Dogfish Woman is drawn from another sculpture, The Spirit of Haida Gwaii (1986)—an iconic work Reid commissioned by architect Arthur Erickson for the courtyard of the Canadian Embassy in Washington, D.C. The Vancouver International Airport commissioned a second cast of the work which is permanently installed in the international terminal. The work also appears on the back of the Canadian twenty-dollar bill. Dogfish Woman — a mythic figure, distinguished in traditional Haida design by a hooked beak that signifies her transformative powers, and a labret in her lower lip — was a favourite subject of Reid’s who has given her the stylized nose of the shark reconfigured as a crown. Reid’s portrayal of Bear Mother, a Haida woman who becomes the mother of cub children, is depicted with a smooth, human face and stylized fur.

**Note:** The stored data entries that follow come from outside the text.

definition sc :: "laurent \<Rightarrow> falg" where "sc c = Poly_Mapping.single 0 c"
definition g :: "gen \<Rightarrow> falg" where "g x = Poly_Mapping.single (FW [x]) 1"

definition vv :: falg where "vv = sc lv"
definition vvi :: falg where "vvi = sc lvinv"

text \<open>Inverse of a generator T satisfying (T - v)(T + v^-1) = 0:
  T^-1 = T - (v - v^-1).\<close>
definition tinv :: "falg \<Rightarrow> falg" where "tinv t = t - (vv - vvi)"

definition fsubst :: "(gen \<Rightarrow> falg) \<Rightarrow> falg \<Rightarrow> falg" where
  "fsubst f p = (\<Sum>w\<in>Poly_Mapping.keys p. sc (Poly_Mapping.lookup p w) * prod_list (map f (unFW w)))"

inductive_set tsideal :: "falg set \<Rightarrow> falg set" for R :: "falg set" where
  base: "x \<in> R \<Longrightarrow> x \<in> tsideal R"
| zero: "0 \<in> tsideal R"
| add: "x \<in> tsideal R \<Longrightarrow> y \<in> tsideal R \<Longrightarrow> x + y \<in> tsideal R"
| mult: "x \<in> tsideal R \<Longrightarrow> a * x * b \<in> tsideal R"

text \<open>Index i of T_i taken in Z/rZ, represented by GT (i mod r); GT 0 is T_0 = T_r.\<close>
definition eT :: "nat \<Rightarrow> nat \<Rightarrow> falg" where "eT r i = g (GT (i mod r))"

definition rel_e :: "nat \<Rightarrow> falg set" where
  "rel_e r =
     {(eT r i - vv) * (eT r i + vvi) | i. i < r}
   \<union> {eT r i * eT r (i+1) * eT r i - eT r (i+1) * eT r i * eT r (i+1) | i. i < r}
   \<union> {eT r i * eT r j - eT r j * eT r i | i j. i < r \<and> j < r
        \<and> j \<noteq> (i + 1) mod r \<and> i \<noteq> (j + 1) mod r}
   \<union> {g GRho * eT r i - eT r (i+1) * g GRho | i. i < r}
   \<union> {g GRho * g GRhoInv - 1, g GRhoInv * g GRho - 1}
   \<union> {g (GT k) | k. r \<le> k} \<union> {g (GX k) | k. True} \<union> {g (GXinv k) | k. True}"

definition eq_e :: "nat \<Rightarrow> falg \<Rightarrow> falg \<Rightarrow> bool" where
  "eq_e r x y \<longleftrightarrow> x - y \<in> tsideal (rel_e r)"

definition bT :: "nat \<Rightarrow> falg" where "bT i = g (GT i)"
definition bX :: "nat \<Rightarrow> falg" where "bX j = g (GX j)"
definition bXi :: "nat \<Rightarrow> falg" where "bXi j = g (GXinv j)"

definition rel_BL :: "nat \<Rightarrow> falg set" where
  "rel_BL r =
     {(bT i - vv) * (bT i + vvi) | i. 1 \<le> i \<and> i \<le> r - 1}
   \<union> {bT i * bT (i+1) * bT i - bT (i+1) * bT i * bT (i+1) | i. 1 \<le> i \<and> i \<le> r - 2}
   \<union> {bT i * bT j - bT j * bT i | i j. 1 \<le> i \<and> i \<le> r - 1 \<and> 1 \<le> j \<and> j \<le> r - 1
        \<and> (i + 2 \<le> j \<or> j + 2 \<le> i)}
   \<union> {bX j * bXi j - 1 | j. 1 \<le> j \<and> j \<le> r} \<union> {bXi j * bX j - 1 | j. 1 \<le> j \<and> j \<le> r}
   \<union> {bX j * bX k - bX k * bX j | j k. 1 \<le> j \<and> j \<le> r \<and> 1 \<le> k \<and> k \<le> r}
   \<union> {bT i * bX i * bT i - bX (i+1) | i. 1 \<le> i \<and> i \<le> r - 1}
   \<union> {bT i * bX j - bX j * bT i | i j. 1 \<le> i \<and> i \<le> r - 1 \<and> 1 \<le> j \<and> j \<le> r
        \<and> j \<noteq> i \<and> j \<noteq> i + 1}
   \<union> {g GRho, g GRhoInv, g (GT 0)} \<union> {g (GT k) | k. r \<le> k}
   \<union> {g (GX 0), g (GXinv 0)} \<union> {g (GX k) | k. r < k} \<union> {g (GXinv k) | k. r < k}"

definition eq_BL :: "nat \<Rightarrow> falg \<Rightarrow> falg \<Rightarrow> bool" where
  "eq_BL r x y \<longleftrightarrow> x - y \<in> tsideal (rel_BL r)"

text \<open>phi_r : H^e_r -> H^BL_r, T_i |-> T_i (1 <= i <= r-1),
  T_rho |-> (T_{r-1} ... T_1 X_1)^-1 = X_1^-1 T_1^-1 ... T_{r-1}^-1,
  hence T_rho^-1 |-> T_{r-1} ... T_1 X_1 and T_0 = T_rho T_{r-1} T_rho^-1 |-> accordingly.\<close>
definition phiRho :: "nat \<Rightarrow> falg" where
  "phiRho r = bXi 1 * prod_list (map (\<lambda>i. tinv (bT i)) [1..<r])"
definition phiRhoInv :: "nat \<Rightarrow> falg" where
  "phiRhoInv r = prod_list (map bT (rev [1..<r])) * bX 1"

definition phi_gen :: "nat \<Rightarrow> gen \<Rightarrow> falg" where
  "phi_gen r x = (case x of
      GT i \<Rightarrow> (if 1 \<le> i \<and> i \<le> r - 1 then bT i
              else if i = 0 then phiRho r * bT (r - 1) * phiRhoInv r else 0)
    | GRho \<Rightarrow> phiRho r
    | GRhoInv \<Rightarrow> phiRhoInv r
    | GX _ \<Rightarrow> 0
    | GXinv _ \<Rightarrow> 0)"

definition phi :: "nat \<Rightarrow> falg \<Rightarrow> falg" where "phi r = fsubst (phi_gen r)"

text \<open>phi^e_v : H^e_r -> H^e_{r+1} (parameter im = i_-, i_+ = im + 1).
  T_i |-> T_i (1 <= i < i_-), T_{i_-} |-> T_{i_-} T_{i_+} T_{i_-}^-1,
  T_i |-> T_{i+1} (i_+ <= i <= r; T_r = T_0 |-> T_{r+1} = T_0),
  T_rho |-> T_{i_+}^-1 T_rho (so T_rho^-1 |-> T_rho^-1 T_{i_+}).\<close>
definition phiE_gen :: "nat \<Rightarrow> nat \<Rightarrow> gen \<Rightarrow> falg" where
  "phiE_gen r im x = (let k = (\<lambda>i. if i = 0 then r else i) in case x of
      GT i \<Rightarrow> (if i < r then
                 (if 1 \<le> k i \<and> k i < im then eT (r+1) (k i)
                  else if k i = im then eT (r+1) im * eT (r+1) (im+1) * tinv (eT (r+1) im)
                  else eT (r+1) (k i + 1))
               else 0)
    | GRho \<Rightarrow> tinv (eT (r+1) (im+1)) * g GRho
    | GRhoInv \<Rightarrow> g GRhoInv * eT (r+1) (im+1)
    | GX _ \<Rightarrow> 0
    | GXinv _ \<Rightarrow> 0)"

definition phiE :: "nat \<Rightarrow> nat \<Rightarrow> falg \<Rightarrow> falg" where "phiE r im = fsubst (phiE_gen r im)"

definition induces_embedding :: "(falg \<Rightarrow> falg \<Rightarrow> bool) \<Rightarrow> (falg \<Rightarrow> falg \<Rightarrow> bool) \<Rightarrow> (falg \<Rightarrow> falg) \<Rightarrow> bool" where
  "induces_embedding eq1 eq2 f \<longleftrightarrow> (\<forall>x y. eq1 x y \<longleftrightarrow> eq2 (f x) (f y))"

definition induces_iso :: "(falg \<Rightarrow> falg \<Rightarrow> bool) \<Rightarrow> (falg \<Rightarrow> falg \<Rightarrow> bool) \<Rightarrow> (falg \<Rightarrow> falg) \<Rightarrow> bool" where
  "induces_iso eq1 eq2 f \<longleftrightarrow> induces_embedding eq1 eq2 f \<and> (\<forall>z. \<exists>x. eq2 (f x) z)"

text \<open>Value of phi^BL_v = phi_{r+1} o phi^e_v o phi_r^-1 : H^BL_r -> H^BL_{r+1}:
  phiBL_is r im a b means phi^BL_v([a]) = [b]: every preimage y of [a] under phi_r
  is sent by phi_{r+1} o phi^e_v to [b].\<close>
definition phiBL_is :: "nat \<Rightarrow> nat \<Rightarrow> falg \<Rightarrow> falg \<Rightarrow> bool" where
  "phiBL_is r im a b \<longleftrightarrow>
     (\<forall>y. eq_BL r (phi r y) a \<longrightarrow> eq_BL (r+1) (phi (r+1) (phiE r im y)) b)"

end

theory Submission
  imports Defs
begin

text \<open>Since phi_r is injective and phi_(r+1) o phi^e_v is well defined, the value of
  phi^BL_v at a is phi_(r+1)(phi^e_v(y)) for any word y of H^e_r with phi_r(y) = a.
  For T_i take y = T_i. For the X_j start from
  phi_r(T_1^-1 ... T_(r-1)^-1 T_rho^-1) = X_1 and phi_r(T_rho^-1 T_1 ... T_(r-1)) = X_r and
  conjugate, using X_(j+1) = T_j X_j T_j: upwards from X_1 for j <= i_-, downwards from X_r
  for j > i_-. Pushing these words through phi_(r+1) o phi^e_v and reducing in H^BL_(r+1)
  gives the formulas. The correction term for j <= i_- is born at j = 1 from
  T_(i_-)^2 = 1 + (v - v^-1) T_(i_-) and is then carried along by the conjugations.\<close>

section \<open>Substitution is an algebra homomorphism\<close>

lemma sc_add: "sc (a + b) = sc a + sc b"
  by (simp add: sc_def Poly_Mapping.single_add)

lemma sc_mult: "sc (a * b) = sc a * sc b"
  by (simp add: sc_def Poly_Mapping.mult_single)

lemma sc_0 [simp]: "sc 0 = 0"
  by (simp add: sc_def)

Bill Reid, Dogfish Woman, 1991. Plaster on marble pedestal. SFU Art Collection. Gift of Allan and Faigie Waisman, 2002.

Title
Dogfish Woman
Artist
Bill Reid
Year
1991
Collection
SFU Art Collection
Artists
Haida artist Bill Reid (1920–1998) trained as a jeweler at Ryerson Polytechnical Institute and the London School of Design. After seeing bracelets carved by his great uncle, Charles Edenshaw, Reid became a dedicated student of Haida art and is often cited as the single most important figure in the late twentieth-century renaissance of Haida culture.